[Records from a collection]

------------------------------

(* Let $T$ be a tree with positive edge weights rooted at the homebase $r$, and let $q\ge 0$. In every cost-optimal strategy exploring $T$, if an agent enters a subtree $T_v$ (for a vertex $v$), then it explores (i.e., is the first to visit) at least one leaf of $T_v$.
   Context: Exploration model: given a connected graph with positive edge weights, a homebase vertex, and invoking cost $q\ge 0$, a strategy is a sequence of moves, each either invoking a new agent (appearing at the homebase) or an agent traversing an edge incident to its current vertex. A vertex is explored when first visited; the strategy explores the graph when every vertex has been visited by some agent (agents need not return). With $k$ agents, agent $i$ traversing total distance $d_i$ (weights counted with multiplicity), the cost is $kq+\sum_i d_i$; a strategy is cost-optimal if it explores the graph with minimum cost (off-line setting, graph known). For a rooted tree, $T_v$ denotes the subtree consisting of $v$ and its descendants; a leaf is a non-root vertex with no children. *)

theory Defs
  imports Complex_Main
begin

definition graph :: "'a set \<Rightarrow> 'a set set \<Rightarrow> bool" where
  "graph V E \<longleftrightarrow> finite V \<and> (\<forall>e\<in>E. \<exists>x y. x \<in> V \<and> y \<in> V \<and> x \<noteq> y \<and> e = {x, y})"

definition walk :: "'a set set \<Rightarrow> 'a list \<Rightarrow> bool" where
  "walk E p \<longleftrightarrow> p \<noteq> [] \<and> (\<forall>i. Suc i < length p \<longrightarrow> {p ! i, p ! Suc i} \<in> E)"

definition connected_graph :: "'a set \<Rightarrow> 'a set set \<Rightarrow> bool" where
  "connected_graph V E \<longleftrightarrow>
     (\<forall>x\<in>V. \<forall>y\<in>V. \<exists>p. walk E p \<and> hd p = x \<and> last p = y)"

definition has_cycle :: "'a set set \<Rightarrow> bool" where
  "has_cycle E \<longleftrightarrow> (\<exists>p. walk E p \<and> distinct p \<and> length p \<ge> 3 \<and> {last p, hd p} \<in> E)"

definition tree :: "'a set \<Rightarrow> 'a set set \<Rightarrow> bool" where
  "tree V E \<longleftrightarrow> graph V E \<and> V \<noteq> {} \<and> connected_graph V E \<and> \<not> has_cycle E"

text \<open>Subtree T_v of the tree rooted at r: v and its descendants, i.e. the vertices u
such that v lies on (every) path from r to u.\<close>

definition subtree :: "'a set \<Rightarrow> 'a set set \<Rightarrow> 'a \<Rightarrow> 'a \<Rightarrow> 'a set" where
  "subtree V E r v = {u \<in> V. \<forall>p. walk E p \<and> hd p = r \<and> last p = u \<longrightarrow> v \<in> set p}"

definition children :: "'a set \<Rightarrow> 'a set set \<Rightarrow> 'a \<Rightarrow> 'a \<Rightarrow> 'a set" where
  "children V E r v = {c. {v, c} \<in> E \<and> c \<in> subtree V E r v \<and> c \<noteq> v}"

definition is_leaf :: "'a set \<Rightarrow> 'a set set \<Rightarrow> 'a \<Rightarrow> 'a \<Rightarrow> bool" where
  "is_leaf V E r u \<longleftrightarrow> u \<in> V \<and> u \<noteq> r \<and> children V E r u = {}"

text \<open>A move either invokes a new agent (appearing at the homebase) or lets agent i
(agents numbered 0,1,... in invocation order) traverse an edge to vertex u.\<close>

datatype 'a move = Invoke | Traverse nat 'a

fun step :: "'a \<Rightarrow> 'a list \<Rightarrow> 'a move \<Rightarrow> 'a list" where
  "step r pos Invoke = pos @ [r]"
| "step r pos (Traverse i u) = pos[i := u]"

definition pos_after :: "'a \<Rightarrow> 'a move list \<Rightarrow> nat \<Rightarrow> 'a list" where
  "pos_after r ms k = foldl (step r) [] (take k ms)"

fun valid_move :: "'a set set \<Rightarrow> 'a list \<Rightarrow> 'a move \<Rightarrow> bool" where
  "valid_move E pos Invoke = True"
| "valid_move E pos (Traverse i u) = (i < length pos \<and> {pos ! i, u} \<in> E)"

definition valid_strategy :: "'a set set \<Rightarrow> 'a \<Rightarrow> 'a move list \<Rightarrow> bool" where
  "valid_strategy E r ms \<longleftrightarrow> (\<forall>k < length ms. valid_move E (pos_after r ms k) (ms ! k))"

definition visited :: "'a \<Rightarrow> 'a move list \<Rightarrow> nat \<Rightarrow> 'a set" where
  "visited r ms k = (\<Union>j\<le>k. set (pos_after r ms j))"

definition explores_graph :: "'a set \<Rightarrow> 'a \<Rightarrow> 'a move list \<Rightarrow> bool" where
  "explores_graph V r ms \<longleftrightarrow> V \<subseteq> visited r ms (length ms)"

definition num_agents :: "'a move list \<Rightarrow> nat" where
  "num_agents ms = length (filter (\<lambda>m. m = Invoke) ms)"

definition total_distance :: "('a set \<Rightarrow> real) \<Rightarrow> 'a \<Rightarrow> 'a move list \<Rightarrow> real" where
  "total_distance w r ms =
     (\<Sum>k<length ms. (case ms ! k of Invoke \<Rightarrow> 0
                       | Traverse i u \<Rightarrow> w {pos_after r ms k ! i, u}))"

definition cost :: "real \<Rightarrow> ('a set \<Rightarrow> real) \<Rightarrow> 'a \<Rightarrow> 'a move list \<Rightarrow> real" where
  "cost q w r ms = q * real (num_agents ms) + total_distance w r ms"

definition cost_optimal ::
  "'a set \<Rightarrow> 'a set set \<Rightarrow> ('a set \<Rightarrow> real) \<Rightarrow> 'a \<Rightarrow> real \<Rightarrow> 'a move list \<Rightarrow> bool" where
  "cost_optimal V E w r q ms \<longleftrightarrow>
     valid_strategy E r ms \<and> explores_graph V r ms \<and>
     (\<forall>ms'. valid_strategy E r ms' \<and> explores_graph V r ms' \<longrightarrow> cost q w r ms \<le> cost q w r ms')"

text \<open>Agent i explores u: u is first visited (by anyone) through the move that brings
agent i to u (its invocation at the homebase, or an edge traversal).\<close>
definition agent_explores :: "'a \<Rightarrow> 'a move list \<Rightarrow> nat \<Rightarrow> 'a \<Rightarrow> bool" where
  "agent_explores r ms i u \<longleftrightarrow>
     (\<exists>k < length ms. i < length (pos_after r ms (Suc k)) \<and> pos_after r ms (Suc k) ! i = u
        \<and> u \<notin> visited r ms k)"

definition agent_enters :: "'a \<Rightarrow> 'a move list \<Rightarrow> nat \<Rightarrow> 'a set \<Rightarrow> bool" where
  "agent_enters r ms i S \<longleftrightarrow>
     (\<exists>k < length ms. \<exists>u. ms ! k = Traverse i u \<and> u \<in> S \<and> pos_after r ms k ! i \<notin> S)"

end

theory Submission
  imports Defs
begin

text \<open>
  Suppose agent i enters T_v but explores no leaf of T_v. Every edge into T_v starts at the
  parent p of v, so deleting all moves of agent i with an endpoint in T_v yields a valid
  strategy in which agent i waits at p whenever it used to be inside T_v. It invokes the same
  agents and travels strictly less, because the entering move is deleted and weights are
  positive. It still explores the tree: outside T_v nothing changes, and every vertex x of T_v
  lies above a leaf first reached by another agent, whose walk from the root passes through x.
  This contradicts optimality.
\<close>

lemma walk_Nil [simp]: "\<not> walk E []"
  by (simp add: walk_def)

lemma walk_singleton [simp]: "walk E [a]"
  by (simp add: walk_def)

lemma walk_Cons_Cons: "walk E (a # b # p) \<longleftrightarrow> {a, b} \<in> E \<and> walk E (b # p)"
  unfolding walk_def by (auto simp: nth_Cons split: nat.splits)

lemma walk_append:
  "walk E xs \<Longrightarrow> walk E ys \<Longrightarrow> {last xs, hd ys} \<in> E \<Longrightarrow> walk E (xs @ ys)"
proof (induction xs rule: induct_list012)
  case (2 x) then show ?case by (cases ys) (auto simp: walk_Cons_Cons)
qed (auto simp: walk_Cons_Cons)

lemma walk_snoc: "walk E xs \<Longrightarrow> {last xs, u} \<in> E \<Longrightarrow> walk E (xs @ [u])"
  by (simp add: walk_append)

lemma walk_append_tl:
  "walk E xs \<Longrightarrow> walk E ys \<Longrightarrow> last xs = hd ys \<Longrightarrow> walk E (xs @ tl ys)"
proof (induction xs rule: induct_list012)
  case (2 x) then show ?case by (cases ys) auto
qed (auto simp: walk_Cons_Cons)

lemma walk_take: "walk E p \<Longrightarrow> 0 < n \<Longrightarrow> walk E (take n p)"
  unfolding walk_def by (auto simp: nth_take)

lemma walk_drop: "walk E p \<Longrightarrow> n < length p \<Longrightarrow> walk E (drop n p)"
  unfolding walk_def by (auto simp: nth_drop)

lemma walk_rev: "walk E p \<Longrightarrow> walk E (rev p)"
proof (induction p rule: induct_list012)
  case (3 x y zs)
  then have "walk E (rev (y # zs) @ [x])"
    by (intro walk_snoc) (auto simp: walk_Cons_Cons insert_commute)
  then show ?case by simp
qed auto

lemma walk_prefix_to_nth:
  assumes "walk E p" "j < length p"
  shows "walk E (take (Suc j) p) \<and> hd (take (Suc j) p) = hd p \<and> last (take (Suc j) p) = p ! j"
proof -
  have "last (take (Suc j) p) = p ! j" using assms(2) by (simp add: take_Suc_conv_app_nth)
  then show ?thesis using walk_take[OF assms(1), of "Suc j"] by simp
qed

lemma exists_distinct_walk:
  "walk E p \<Longrightarrow> \<exists>q. walk E q \<and> distinct q \<and> hd q = hd p \<and> last q = last p \<and> set q \<subseteq> set p"
proof (induction p rule: length_induct)
  case (1 p)
  show ?case
  proof (cases "distinct p")
    case False
    then obtain xs ys zs c where p: "p = xs @ [c] @ ys @ [c] @ zs"
      using not_distinct_decomp by blast
    have "walk E (xs @ [c])"
      using walk_take[OF "1.prems", of "length xs + 1"] p by simp
    moreover have "walk E (c # zs)"
      using walk_drop[OF "1.prems", of "length xs + 1 + length ys"] p by simp
    ultimately have "walk E (xs @ c # zs)" using walk_append_tl by fastforce
    moreover have "length (xs @ c # zs) < length p" using p by simp
    moreover have "hd (xs @ c # zs) = hd p" "last (xs @ c # zs) = last p"
      using p by (cases xs; cases zs; simp)+
    moreover have "set (xs @ c # zs) \<subseteq> set p" using p by auto
    ultimately show ?thesis using "1.IH" by (metis order_trans)
  qed (use "1.prems" in blast)
qed

lemma graph_edge_in_vertices: "graph V E \<Longrightarrow> {x, u} \<in> E \<Longrightarrow> x \<in> V \<and> u \<in> V"
  unfolding graph_def by (auto simp: doubleton_eq_iff)

lemma subtree_walk_through:
  "u \<in> subtree V E r v \<Longrightarrow> walk E P \<Longrightarrow> hd P = r \<Longrightarrow> last P = u \<Longrightarrow> v \<in> set P"
  by (simp add: subtree_def)

lemma subtree_subset: "subtree V E r v \<subseteq> V"
  by (auto simp: subtree_def)

lemma subtree_self: "v \<in> V \<Longrightarrow> v \<in> subtree V E r v"
  by (auto simp: subtree_def walk_def)

lemma subtree_root: "subtree V E r r = V"
  by (auto simp: subtree_def walk_def hd_in_set)

lemma root_in_subtree: "r \<in> subtree V E r v \<Longrightarrow> v = r"
  unfolding subtree_def by (auto dest: spec[of _ "[r]"])

lemma subtree_trans:
  assumes "c \<in> subtree V E r b"
  shows "subtree V E r c \<subseteq> subtree V E r b"
proof
  fix u assume u: "u \<in> subtree V E r c"
  have "b \<in> set P" if P: "walk E P" "hd P = r" "last P = u" for P
  proof -
    obtain j where j: "j < length P" "P ! j = c"
      using subtree_walk_through[OF u P] by (auto simp: in_set_conv_nth)
    then have "b \<in> set (take (Suc j) P)"
      using subtree_walk_through[OF assms] walk_prefix_to_nth[OF P(1) j(1)] P(2) by metis
    then show ?thesis using set_take_subset by fastforce
  qed
  then show "u \<in> subtree V E r b" using u by (auto simp: subtree_def)
qed

lemma subtree_antisym:
  assumes conn: "connected_graph V E" and r: "r \<in> V"
    and c: "c \<in> subtree V E r l" and l: "l \<in> subtree V E r c"
  shows "c = l"
proof -
  have "l \<in> V" using subtree_subset l by (rule subsetD)
  then obtain P0 where "walk E P0" "hd P0 = r" "last P0 = l"
    using conn r unfolding connected_graph_def by blast
  then obtain P where P: "walk E P" "distinct P" "hd P = r" "last P = l"
    using exists_distinct_walk by blast
  have "P \<noteq> []" using P(1) by auto
  then have last: "P ! (length P - 1) = l" "length P - 1 < length P"
    using P(4) by (simp_all add: last_conv_nth)
  obtain j where j: "j < length P" "P ! j = c"
    using subtree_walk_through[OF l P(1,3,4)] by (auto simp: in_set_conv_nth)
  then have "l \<in> set (take (Suc j) P)"
    using subtree_walk_through[OF c] walk_prefix_to_nth[OF P(1) j(1)] P(3) by metis
  then obtain m where m: "m \<le> j" "P ! m = l"
    by (auto simp: in_set_conv_nth less_Suc_eq_le)
  then have "m = length P - 1"
    using nth_eq_iff_index_eq[OF P(2), of m "length P - 1"] last j(1) by simp
  then have "j = length P - 1" using m(1) j(1) by linarith
  then show ?thesis using j last by simp
qed

lemma edge_into_subtree:
  assumes "{x, u} \<in> E" "x \<in> V" "x \<notin> subtree V E r v" "u \<in> subtree V E r v"
  shows "u = v"
proof -
  obtain P where P: "walk E P" "hd P = r" "last P = x" "v \<notin> set P"
    using assms(2,3) by (auto simp: subtree_def)
  have "walk E (P @ [u])" using walk_snoc[OF P(1)] P(3) assms(1) by simp
  moreover have "hd (P @ [u]) = r" using P(1,2) by (cases P) auto
  ultimately have "v \<in> set (P @ [u])" using subtree_walk_through[OF assms(4), of "P @ [u]"] by simp
  then show ?thesis using P by auto
qed
lemma hsep_same_sign_ineq:
  assumes pc: "\<And>i. proper_convex_ext (hi i)"
    and fin: "hsep hi x < \<infinity>" "hsep hi (x + a + b) < \<infinity>" and ab: "conformal a b"
  shows "hsep hi (x + a) < \<infinity> \<and> hsep hi (x + b) < \<infinity> \<and>
         hsep_real hi (x + a) + hsep_real hi (x + b) \<le> hsep_real hi x + hsep_real hi (x + a + b)"
proof -
  have coord: "hi i (x $ i + a $ i) < \<infinity> \<and> hi i (x $ i + b $ i) < \<infinity> \<and>
      real_of_ereal (hi i (x $ i + a $ i)) + real_of_ereal (hi i (x $ i + b $ i))
        \<le> real_of_ereal (hi i (x $ i)) + real_of_ereal (hi i (x $ i + a $ i + b $ i))" for i
    using fin ab hsep_less_infinity_iff[of hi]
    by (intro proper_convex_ext_same_sign_ineq[OF pc]) (auto simp: conformal_def)
  then have "hsep hi (x + a) < \<infinity>" "hsep hi (x + b) < \<infinity>"
    unfolding hsep_less_infinity_iff by auto
  moreover have "hsep_real hi (x + a) + hsep_real hi (x + b) \<le> hsep_real hi x + hsep_real hi (x + a + b)"
    unfolding hsep_real_def sum.distrib[symmetric] using coord by (intro sum_mono) simp
  ultimately show ?thesis
    by blast
qed

lemma norm_add_power2_ge_conformal:
  fixes a b :: "real^'n::finite"
  assumes "conformal a b"
  shows "(norm a)\<^sup>2 + (norm b)\<^sup>2 \<le> (norm (a + b))\<^sup>2"
proof -
  have "0 \<le> a \<bullet> b"
    using assms unfolding inner_vec_def conformal_def by (intro sum_nonneg) simp
  moreover have "(norm (a + b))\<^sup>2 = (norm a)\<^sup>2 + (norm b)\<^sup>2 + 2 * (a \<bullet> b)"
    by (simp add: power2_norm_eq_inner inner_add_left inner_add_right inner_commute)
  ultimately show ?thesis
    by linarith
qed
definition W12 :: "(real^'d) set \<Rightarrow> (real^'d \<Rightarrow> real) set" where
  "W12 U = {u. L2_on U u \<and>
     (\<forall>i. \<exists>g. L2_on U g \<and>
        (\<forall>\<phi>. test_fun U \<phi> \<longrightarrow>
           (LINT x:U|lebesgue. u x * partial_deriv i \<phi> x) = - (LINT x:U|lebesgue. g x * \<phi> x)))}"

definition nbhd1 :: "(real^'d) set \<Rightarrow> (real^'d) set" where
  "nbhd1 \<Omega> = {x + y | x y. x \<in> \<Omega> \<and> y \<in> ball 0 1}"

definition Linf_norm :: "(real^'d) set \<Rightarrow> (real^'d \<Rightarrow> real) \<Rightarrow> ereal" where
  "Linf_norm \<Omega> u = esssup (restrict_space lebesgue \<Omega>) (\<lambda>x. ereal \<bar>u x\<bar>)"

definition jump_points :: "(real \<Rightarrow> real) \<Rightarrow> real set" where
  "jump_points b = {v. \<not> isCont b v}"

definition admissible_b :: "(real \<Rightarrow> real) \<Rightarrow> bool" where
  "admissible_b b \<longleftrightarrow> mono b \<and> finite (jump_points b) \<and>
     (\<forall>j\<in>jump_points b. \<exists>l r. (b \<longlongrightarrow> l) (at_left j) \<and> (b \<longlongrightarrow> r) (at_right j) \<and> l < r) \<and>
     (\<forall>v. v \<notin> jump_points b \<longrightarrow> b differentiable (at v)) \<and>
     continuous_on (- jump_points b) (deriv b)"

definition b_bar :: "(real \<Rightarrow> real) \<Rightarrow> real" where
  "b_bar b = Inf (deriv b ` (- jump_points b))"

(* mollifier \<omega>_\<rho> with unit integral *)
definition moll_const :: real where
  "moll_const = 1 / (LBINT s=-1..1. exp (- 1 / (1 - s\<^sup>2)))"

definition mollifier :: "real \<Rightarrow> real \<Rightarrow> real" where
  "mollifier \<rho> v = (if \<bar>v\<bar> < \<rho> then moll_const / \<rho> * exp (- \<rho>\<^sup>2 / (\<rho>\<^sup>2 - v\<^sup>2)) else 0)"

definition b_moll :: "(real \<Rightarrow> real) \<Rightarrow> nat \<Rightarrow> real \<Rightarrow> real" where
  "b_moll b n v = (LINT u|lborel. b (v - u) * mollifier (1 / real n) u)"

definition grid_pt :: "real \<Rightarrow> int^'d \<Rightarrow> real^'d" where
  "grid_pt h \<gamma> = (\<chi> i. h * of_int (\<gamma> $ i))"

definition cell :: "real \<Rightarrow> int^'d \<Rightarrow> (real^'d) set" where
  "cell h \<gamma> = cbox (grid_pt h \<gamma>) (\<chi> i. h * (of_int (\<gamma> $ i) + 1))"

definition cell_idx :: "(real^'d) set \<Rightarrow> real \<Rightarrow> (int^'d) set" where
  "cell_idx \<Omega> h = {\<gamma>. cell h \<gamma> \<subseteq> closure \<Omega>}"

definition grid_dom :: "(real^'d) set \<Rightarrow> real \<Rightarrow> (real^'d) set" where
  "grid_dom \<Omega> h = (\<Union>\<gamma>\<in>cell_idx \<Omega> h. cell h \<gamma>)"

definition nodes :: "(real^'d) set \<Rightarrow> real \<Rightarrow> (int^'d) set" where
  "nodes \<Omega> h = {\<gamma>. grid_pt h \<gamma> \<in> grid_dom \<Omega> h}"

------------------------------

■ Description of the task:
Tell how many lines of the records above hold "lebesgue", giving the number and nothing else.

■ Answer for this exercise:
2